The Calanda is a mountain (more precisely, a massif) in the Glarus Alps with two main peaks: Haldensteiner Calanda (2805 m) and Felsberger Calanda (2697 m), both located on the border between the cantons of St. Gallen and Graubünden in eastern Switzerland. It looms over Chur, the capital city of Graubünden.

Although Felsberger Calanda's topographic prominence is 286 metres—enough to possibly be considered a mountain in its own right—the massif is commonly said to be one mountain with several peaks. It lies between the valleys of the Rhine (to the southeast) and the Tamina (to the northwest), and is separated from the Ringelspitz by the Kunkels Pass.

The name Calanda derives from the Latin "calare", roughly meaning roll down, which refers to the ever-moving southern face that can be seen at Felsberg and is still an active rock slide.

The shallow southeastern slopes lie in Graubünden, within the municipalities of Mastrils, Untervaz, Haldenstein, Felsberg and Tamins, whereas most of the steeper slopes on the northwest lie in the Canton of St.
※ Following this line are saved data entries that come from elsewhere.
lemma orth_measure_exp_abs_integrable:
  assumes "e \<ge> 0"
  shows "\<exists>\<rho>>0. integrable M (\<lambda>s. exp (\<rho> * \<bar>s\<bar>))"
proof (rule exp_abs_integrable_of_moment_bound)
  show "\<bar>\<integral>s. s ^ n \<partial>M\<bar> \<le> exp 1 * ((1 + \<bar>l\<bar> + e) * exp 1) ^ n * fact n" for n
    by (rule orth_measure_moment_bound[OF assms])
qed (use orth assms in \<open>auto simp: orth_measure_def intro: add_pos_nonneg\<close>)

end

section \<open>Passage to the limit\<close>

lemma integral_difference_quotient_taylor_poly_tendsto:
  assumes F: "F \<in> Emin" and sets: "sets M = sets borel"
    and "\<rho> > 0" and exp_integrable: "integrable M (\<lambda>s. exp (\<rho> * \<bar>s\<bar>))"
  shows "integrable M (difference_quotient F x)"
    and "(\<lambda>N. \<integral>s. difference_quotient (poly (taylor_poly F N)) x s \<partial>M) \<longlonglongrightarrow> (\<integral>s. difference_quotient F x s \<partial>M)"
proof -
  obtain C where "C \<ge> 0" and C: "\<And>n. norm (taylor_coeff F n) * fact n \<le> C * \<rho> ^ n"
    using Emin_taylor_coeff_bound[OF F \<open>\<rho> > 0\<close>] by blast
  have "norm (taylor_coeff (poly (taylor_poly F N)) n) * fact n \<le> C * \<rho> ^ n" for N n
    using C[of n] \<open>C \<ge> 0\<close> \<open>\<rho> > 0\<close> by (simp add: taylor_coeff_poly coeff_taylor_poly)
  then have bound: "norm (difference_quotient (poly (taylor_poly F N)) x s)
      \<le> C * \<rho> * exp (\<rho> * \<bar>x\<bar>) * exp (\<rho> * \<bar>s\<bar>)" for N s
    using \<open>C \<ge> 0\<close> \<open>\<rho> > 0\<close> by (intro norm_difference_quotient_le) (auto intro: holomorphic_intros)
  define w where "w s = C * \<rho> * exp (\<rho> * \<bar>x\<bar>) * exp (\<rho> * \<bar>s\<bar>)" for s
  have w: "integrable M w"
    unfolding w_def using exp_integrable by (rule integrable_mult_right)
  have lim: "AE s in M. (\<lambda>N. difference_quotient (poly (taylor_poly F N)) x s) \<longlonglongrightarrow> difference_quotient F x s"
    using difference_quotient_taylor_poly_tendsto[OF F] by simp
  have dominated: "\<And>N. AE s in M. norm (difference_quotient (poly (taylor_poly F N)) x s) \<le> w s"
    unfolding w_def using bound by simp
  note convergence = difference_quotient_measurable[OF F sets] difference_quotient_measurable[OF Emin_poly sets]
    w lim dominated
  show "integrable M (difference_quotient F x)"
    by (rule integrable_dominated_convergence[OF convergence])
  show "(\<lambda>N. \<integral>s. difference_quotient (poly (taylor_poly F N)) x s \<partial>M) \<longlonglongrightarrow> (\<integral>s. difference_quotient F x s \<partial>M)"
    by (rule integral_dominated_convergence[OF convergence])
qed
lemma difference_quotient_LIMSEQ:
  fixes \<phi> :: "'a::real_inner \<Rightarrow> real"
  assumes "(\<phi> has_derivative (\<lambda>h. D \<bullet> h)) (at x)"
  shows "(\<lambda>n. (\<phi> (x + inverse (real (Suc n)) *\<^sub>R e) - \<phi> x) / inverse (real (Suc n))) \<longlonglongrightarrow> D \<bullet> e"
proof -
  have "((\<lambda>\<tau>. x + \<tau> *\<^sub>R e) has_derivative (\<lambda>\<tau>. \<tau> *\<^sub>R e)) (at 0)"
    by (auto intro!: derivative_eq_intros)
  moreover have "(\<phi> has_derivative (\<lambda>h. D \<bullet> h)) (at (x + 0 *\<^sub>R e))"
    using assms by simp
  ultimately have "((\<lambda>\<tau>. \<phi> (x + \<tau> *\<^sub>R e)) has_derivative (\<lambda>\<tau>. D \<bullet> (\<tau> *\<^sub>R e))) (at 0)"
    by (rule has_derivative_compose)
  then have "((\<lambda>\<tau>. \<phi> (x + \<tau> *\<^sub>R e)) has_real_derivative D \<bullet> e) (at 0)"
    unfolding has_field_derivative_def by (rule has_derivative_eq_rhs) (auto simp: fun_eq_iff)
  then have "((\<lambda>\<tau>. (\<phi> (x + \<tau> *\<^sub>R e) - \<phi> x) / \<tau>) \<longlongrightarrow> D \<bullet> e) (at 0)"
    by (simp add: has_field_derivative_iff)
  moreover have "filterlim (\<lambda>n. inverse (real (Suc n))) (at 0) sequentially"
    unfolding filterlim_at using LIMSEQ_inverse_real_of_nat by auto
  ultimately show ?thesis
    by (rule filterlim_compose)
qed

lemma has_integral_translation_difference:
  fixes \<phi> :: "'a::euclidean_space \<Rightarrow> real"
  assumes "continuous_on UNIV \<phi>" "compact K" "\<And>x. x \<notin> K \<Longrightarrow> \<phi> x = 0"
  shows "((\<lambda>x. \<phi> (x + c) - \<phi> x) has_integral 0) UNIV"
proof -
  have \<phi>_int: "(\<phi> has_integral integral UNIV \<phi>) UNIV"
    using integrable_continuous_compact_support[OF assms] by blast
  have "bounded {x. \<phi> x \<noteq> 0}"
    by (rule bounded_subset[OF compact_imp_bounded[OF assms(2)]]) (use assms(3) in blast)
  from has_integral_diff[OF has_integral_translate_bounded_support[OF \<phi>_int this] \<phi>_int]
  show ?thesis
    by simp
qed

text \<open>The difference quotients of \<open>\<phi>\<close> in direction \<open>e\<close> have integral zero by translation
  invariance, and converge boundedly to \<open>D\<phi> x \<bullet> e\<close>.\<close>
lemma integral_derivative_compact_support_eq_0:
  fixes \<phi> :: "'a::euclidean_space \<Rightarrow> real"
  assumes D: "\<And>x. (\<phi> has_derivative (\<lambda>h. D\<phi> x \<bullet> h)) (at x)" and cD: "continuous_on UNIV D\<phi>"
    and K: "compact K" "\<And>x. x \<notin> K \<Longrightarrow> \<phi> x = 0"
  shows "integral UNIV (\<lambda>x. D\<phi> x \<bullet> e) = 0"
proof -
  have DK: "D\<phi> x = 0" if "x \<notin> K" for x
    using derivative_eq_0_outside[OF D compact_imp_closed[OF K(1)] K(2) that] .
  obtain R where R: "\<And>x. x \<in> K \<Longrightarrow> norm x \<le> R"
    using compact_imp_bounded[OF K(1)] by (auto simp: bounded_iff)
  obtain M where "\<And>x. x \<in> K \<Longrightarrow> norm (D\<phi> x) \<le> M"
    using compact_imp_bounded[OF compact_continuous_image[OF continuous_on_subset[OF cD] K(1)]]
    by (auto simp: bounded_iff)
  with DK have M: "norm (D\<phi> x) \<le> max 0 M" for x
    by (cases "x \<in> K") (auto simp: le_max_iff_disj)
  have c\<phi>: "continuous_on UNIV \<phi>"
    using D by (auto intro: continuous_at_imp_continuous_on has_derivative_continuous)
  define S where "S = cball (0::'a) (R + norm e)"
  define t :: "nat \<Rightarrow> real" where "t n = inverse (real (Suc n))" for n
  have t: "0 < t n" "t n \<le> 1" for n
    by (auto simp: t_def inverse_le_1_iff)
  define q where "q n x = (\<phi> (x + t n *\<^sub>R e) - \<phi> x) / t n" for n x
  have q_out: "q n x = 0" if "x \<notin> S" for n x
  proof -
    have "norm x - t n * norm e \<le> norm (x + t n *\<^sub>R e)" "t n * norm e \<le> norm e"
      using norm_triangle_ineq2[of x "- (t n *\<^sub>R e)"] t[of n] by (simp_all add: mult_left_le_one_le)
    then have "x + t n *\<^sub>R e \<notin> K" "x \<notin> K"
      using that R[of x] R[of "x + t n *\<^sub>R e"] norm_ge_zero[of e] by (auto simp: S_def)
    then show ?thesis
      by (simp add: q_def K(2))
  qed
  define h where "h x = (if x \<in> S then max 0 M * norm e else 0)" for x
  have q_bound: "norm (q n x) \<le> h x" for n x
  proof (cases "x \<in> S")
    case True
    then show ?thesis
      using difference_quotient_bounded[OF D M t(1)] by (simp add: q_def h_def)
  qed (simp add: q_out h_def)
  have h_int: "h integrable_on UNIV"
    unfolding h_def integrable_restrict_UNIV S_def by (rule integrable_on_const[OF lmeasurable_cball])
  have q_lim: "(\<lambda>n. q n x) \<longlonglongrightarrow> D\<phi> x \<bullet> e" for x
    unfolding q_def t_def by (rule difference_quotient_LIMSEQ[OF D])
  have q_int: "(q n has_integral 0) UNIV" for n
    using has_integral_divide[OF has_integral_translation_difference[OF c\<phi> K, where c="t n *\<^sub>R e"],
        where c="t n"]
    by (simp add: q_def[abs_def])
  have "(\<lambda>n. integral UNIV (q n)) \<longlonglongrightarrow> integral UNIV (\<lambda>x. D\<phi> x \<bullet> e)"
    by (rule dominated_convergence(2)[OF has_integral_integrable[OF q_int] h_int q_bound q_lim])
  then have "(\<lambda>n. 0) \<longlonglongrightarrow> integral UNIV (\<lambda>x. D\<phi> x \<bullet> e)"
    using integral_unique[OF q_int] by simp
  then show ?thesis
    by (simp add: LIMSEQ_const_iff)
qed

lemma absolutely_integrable_on_bounded_continuous:
  fixes h :: "'a::euclidean_space \<Rightarrow> real"
  assumes "continuous_on S h" "S \<in> lmeasurable" "\<And>x. x \<in> S \<Longrightarrow> \<bar>h x\<bar> \<le> M"
  shows "h absolutely_integrable_on S"
  using assms continuous_imp_measurable_on_sets_lebesgue integrable_on_const fmeasurableD
  by (intro measurable_bounded_by_integrable_imp_absolutely_integrable[where g="\<lambda>_. M"]) auto
lemma pullback_comparison:
  assumes P: "is_pullback C p f f' p'" and P': "is_pullback C p f f'' p''"
  obtains \<theta> \<theta>' where "\<theta> \<in> hom C (Dom C f') (Dom C f'')" "\<theta>' \<in> hom C (Dom C f'') (Dom C f')"
    "Cmp C \<theta>' \<theta> = Idt C (Dom C f')" "Cmp C \<theta> \<theta>' = Idt C (Dom C f'')" "Cmp C p'' \<theta> = p'"
proof -
  define D where "D = Dom C f'"
  define D' where "D' = Dom C f''"
  have h: "f' \<in> hom C D (Dom C p)" "p' \<in> hom C D (Dom C f)"
    using P unfolding is_pullback_def D_def hom_def by auto
  have h': "f'' \<in> hom C D' (Dom C p)" "p'' \<in> hom C D' (Dom C f)"
    using P' unfolding is_pullback_def D'_def hom_def by auto
  have sq: "Cmp C p f' = Cmp C f p'" and sq': "Cmp C p f'' = Cmp C f p''"
    using P P' unfolding is_pullback_def by auto
  have U: "\<And>x u v. u \<in> hom C x (Dom C p) \<Longrightarrow> v \<in> hom C x (Dom C f) \<Longrightarrow>
      Cmp C p u = Cmp C f v \<Longrightarrow> \<exists>!w. w \<in> hom C x D \<and> Cmp C f' w = u \<and> Cmp C p' w = v"
    using P unfolding is_pullback_def D_def by blast
  have U': "\<And>x u v. u \<in> hom C x (Dom C p) \<Longrightarrow> v \<in> hom C x (Dom C f) \<Longrightarrow>
      Cmp C p u = Cmp C f v \<Longrightarrow> \<exists>!w. w \<in> hom C x D' \<and> Cmp C f'' w = u \<and> Cmp C p'' w = v"
    using P' unfolding is_pullback_def D'_def by blast
  obtain \<theta> where th: "\<theta> \<in> hom C D D'" "Cmp C f'' \<theta> = f'" "Cmp C p'' \<theta> = p'"
    using U'[OF h sq] by blast
  obtain \<theta>' where th': "\<theta>' \<in> hom C D' D" "Cmp C f' \<theta>' = f''" "Cmp C p' \<theta>' = p''"
    using U[OF h' sq'] by blast
  have "Cmp C \<theta>' \<theta> = Idt C D"
  proof -
    have "Cmp C \<theta>' \<theta> \<in> hom C D D \<and> Cmp C f' (Cmp C \<theta>' \<theta>) = f' \<and> Cmp C p' (Cmp C \<theta>' \<theta>) = p'"
      using th th' comp_assoc[OF th(1) th'(1) h(1)] comp_assoc[OF th(1) th'(1) h(2)] by auto
    moreover have "Idt C D \<in> hom C D D \<and> Cmp C f' (Idt C D) = f' \<and> Cmp C p' (Idt C D) = p'"
      using comp_id_right h hom_objs by auto
    ultimately show ?thesis using U[OF h sq] by blast
  qed
  moreover have "Cmp C \<theta> \<theta>' = Idt C D'"
  proof -
    have "Cmp C \<theta> \<theta>' \<in> hom C D' D' \<and> Cmp C f'' (Cmp C \<theta> \<theta>') = f'' \<and> Cmp C p'' (Cmp C \<theta> \<theta>') = p''"
      using th th' comp_assoc[OF th'(1) th(1) h'(1)] comp_assoc[OF th'(1) th(1) h'(2)] by auto
    moreover have "Idt C D' \<in> hom C D' D' \<and> Cmp C f'' (Idt C D') = f'' \<and> Cmp C p'' (Idt C D') = p''"
      using comp_id_right h' hom_objs by auto
    ultimately show ?thesis using U'[OF h' sq'] by blast
  qed
  ultimately show ?thesis using that th(1,3) th'(1) unfolding D_def D'_def by blast
qed

lemma iso_is_cokernel:
  assumes th: "\<theta> \<in> hom C d c" and th': "\<theta>' \<in> hom C c d"
    and inv: "Cmp C \<theta>' \<theta> = Idt C d" "Cmp C \<theta> \<theta>' = Idt C c"
    and j: "j \<in> hom C a d" and zero: "Cmp C \<theta> j = Zer C a c"
  shows "is_cokernel C \<theta> j"
  unfolding is_cokernel_def
proof (intro exI conjI allI impI)
  fix x f assume "f \<in> hom C d x \<and> Cmp C f j = Zer C a x"
  then have f: "f \<in> hom C d x" by blast
  show "\<exists>!g. g \<in> hom C c x \<and> Cmp C g \<theta> = f"
  proof (rule ex1I[of _ "Cmp C f \<theta>'"])
    show "Cmp C f \<theta>' \<in> hom C c x \<and> Cmp C (Cmp C f \<theta>') \<theta> = f"
      using comp_assoc[OF th th' f] inv comp_id_right f th' by auto
  next
    fix g assume g: "g \<in> hom C c x \<and> Cmp C g \<theta> = f"
    then have "g = Cmp C g (Cmp C \<theta> \<theta>')" using inv comp_id_right[of g c x] by simp
    also have "\<dots> = Cmp C f \<theta>'" using comp_assoc[OF th' th] g by metis
    finally show "g = Cmp C f \<theta>'" .
  qed
qed (use th j zero in auto)

lemma kernel_of_id_along_iso:
  assumes K: "is_kernel C i (Idt C c)"
    and th: "\<theta> \<in> hom C d c" and th': "\<theta>' \<in> hom C c d"
    and inv: "Cmp C \<theta>' \<theta> = Idt C d" "Cmp C \<theta> \<theta>' = Idt C c"
  shows "is_kernel C (Cmp C \<theta>' i) \<theta>"
proof -
  have c: "c \<in> Obj C" using hom_objs th by blast
  obtain a b c' where i0: "i \<in> hom C a b" and id0: "Idt C c \<in> hom C b c'"
    and z0: "Cmp C (Idt C c) i = Zer C a c'"
    and U0: "\<forall>d f. f \<in> hom C d b \<and> Cmp C (Idt C c) f = Zer C d c' \<longrightarrow>
        (\<exists>!g. g \<in> hom C d a \<and> Cmp C i g = f)"
    using K unfolding is_kernel_def by blast
  have "b = c" "c' = c" using id0 id_in_hom[OF c] hom_iff by auto
  note i = i0[unfolded this] and U = U0[unfolded this] and z = z0[unfolded this]
  have i_zero: "i = Zer C a c" using z comp_id_left i by simp
  show ?thesis
    unfolding is_kernel_def
  proof (intro exI conjI allI impI)
    show "Cmp C \<theta>' i \<in> hom C a d" "\<theta> \<in> hom C d c" using i th th' by blast+
    show "Cmp C \<theta> (Cmp C \<theta>' i) = Zer C a c"
      using comp_assoc[OF i th' th] inv comp_id_left i i_zero by simp
    fix x f assume "f \<in> hom C x d \<and> Cmp C \<theta> f = Zer C x c"
    then have f: "f \<in> hom C x d" and fz: "Cmp C \<theta> f = Zer C x c" by auto
    have tf: "Cmp C \<theta> f \<in> hom C x c" using f th by blast
    then obtain g where g: "g \<in> hom C x a" "Cmp C i g = Cmp C \<theta> f"
      and g_unique: "\<And>g'. g' \<in> hom C x a \<and> Cmp C i g' = Cmp C \<theta> f \<Longrightarrow> g' = g"
      using U comp_id_left fz by metis
    show "\<exists>!g. g \<in> hom C x a \<and> Cmp C (Cmp C \<theta>' i) g = f"
    proof (rule ex1I[of _ g])
      have "Cmp C (Cmp C \<theta>' i) g = Cmp C (Cmp C \<theta>' \<theta>) f"
        using comp_assoc[OF g(1) i th'] g(2) comp_assoc[OF f th th'] by simp
      then show "g \<in> hom C x a \<and> Cmp C (Cmp C \<theta>' i) g = f" using g inv comp_id_left f by simp
    next
      fix g' assume g': "g' \<in> hom C x a \<and> Cmp C (Cmp C \<theta>' i) g' = f"
      have ig': "Cmp C i g' \<in> hom C x c" using g' i by blast
      have "Cmp C i g' = Cmp C (Cmp C \<theta> \<theta>') (Cmp C i g')" using inv comp_id_left ig' by simp
      also have "\<dots> = Cmp C \<theta> f" using comp_assoc[OF ig' th' th] g' comp_assoc[OF _ i th'] by metis
      finally show "g' = g" using g_unique g' by blast
    qed
  qed
qed

lemma biproduct_pullback_over_zero:
  assumes B: "is_biproduct C c b S j1 j2 q1 q2" and pi: "\<pi> \<in> hom C b Q"
    and into_Q: "\<And>x w. w \<in> hom C x Q \<Longrightarrow> w = Zer C x Q"
  shows "is_pullback C \<pi> (Zer C c Q) q2 q1"
  unfolding is_pullback_def
proof (intro conjI allI impI)
  have h: "j1 \<in> hom C c S" "j2 \<in> hom C b S" "q1 \<in> hom C S c" "q2 \<in> hom C S b"
    using biproduct_homs[OF B] by auto
  have z: "Zer C c Q \<in> hom C c Q" using hom_objs h(1) pi by blast
  show "\<pi> \<in> Arr C" "Zer C c Q \<in> Arr C" "q2 \<in> Arr C" "q1 \<in> Arr C"
    "Cod C \<pi> = Cod C (Zer C c Q)" "Cod C q2 = Dom C \<pi>" "Cod C q1 = Dom C (Zer C c Q)"
    "Dom C q2 = Dom C q1"
    using pi h z hom_iff by auto
  show "Cmp C \<pi> q2 = Cmp C (Zer C c Q) q1"
    using into_Q[OF comp_in_hom[OF h(4) pi]] into_Q[OF comp_in_hom[OF h(3) z]] by simp
  fix x u v
  assume "u \<in> hom C x (Dom C \<pi>) \<and> v \<in> hom C x (Dom C (Zer C c Q)) \<and>
    Cmp C \<pi> u = Cmp C (Zer C c Q) v"
  then have u: "u \<in> hom C x b" and v: "v \<in> hom C x c" using pi z hom_iff by auto
  let ?w = "Add C (Cmp C j1 v) (Cmp C j2 u)"
  show "\<exists>!w. w \<in> hom C x (Dom C q2) \<and> Cmp C q2 w = u \<and> Cmp C q1 w = v"
  proof (rule ex1I[of _ ?w])
    have "?w \<in> hom C x S" using v u h by blast
    then show "?w \<in> hom C x (Dom C q2) \<and> Cmp C q2 ?w = u \<and> Cmp C q1 ?w = v"
      using h(4) hom_iff biproduct_fst_pair[OF B v u] biproduct_snd_pair[OF B v u] by simp
  next
    fix w assume w: "w \<in> hom C x (Dom C q2) \<and> Cmp C q2 w = u \<and> Cmp C q1 w = v"
    then have "w \<in> hom C x S" using h hom_iff by auto
    then show "w = ?w" using w biproduct_expand[OF B] by metis
  qed
qed

context
  fixes a b c s S i1 i2 p1 p2 j1 j2 q1 q2 f g
  assumes B: "is_biproduct C a b s i1 i2 p1 p2" and B': "is_biproduct C c b S j1 j2 q1 q2"
    and f: "f \<in> hom C a c" and g: "g \<in> hom C b c"
  fixes r M \<psi>
  defines "r \<equiv> Add C (Cmp C f p1) (Cmp C g p2)"
    and "M \<equiv> Add C (Cmp C j1 r) (Cmp C j2 p2)"
    and "\<psi> \<equiv> Add C q1 (Cmp C (Neg C g) q2)"
begin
Gallen, in the municipality of Pfäfers.

Calanda's secondary peaks are called Rossfallenspitz and Güllenchopf, whereas Berger Calanda and Taminser Calanda are less prominent points that mark the ends of the main ridge.

On the northerly plateau of Felsberger Calanda, ibexes are regularly seen.

A Swiss Alpine Club mountain hut, the Calandahütte, sites on slopes below Haldensteiner Calanda, at an elevation of 2073 m. The two main summits can be reached from the south by hiking: Haldensteiner Calanda by a route rated T3 on the , and Felsberger Calanda by a T4 route, which requires more experience in routefinding and a head for heights to a certain degree.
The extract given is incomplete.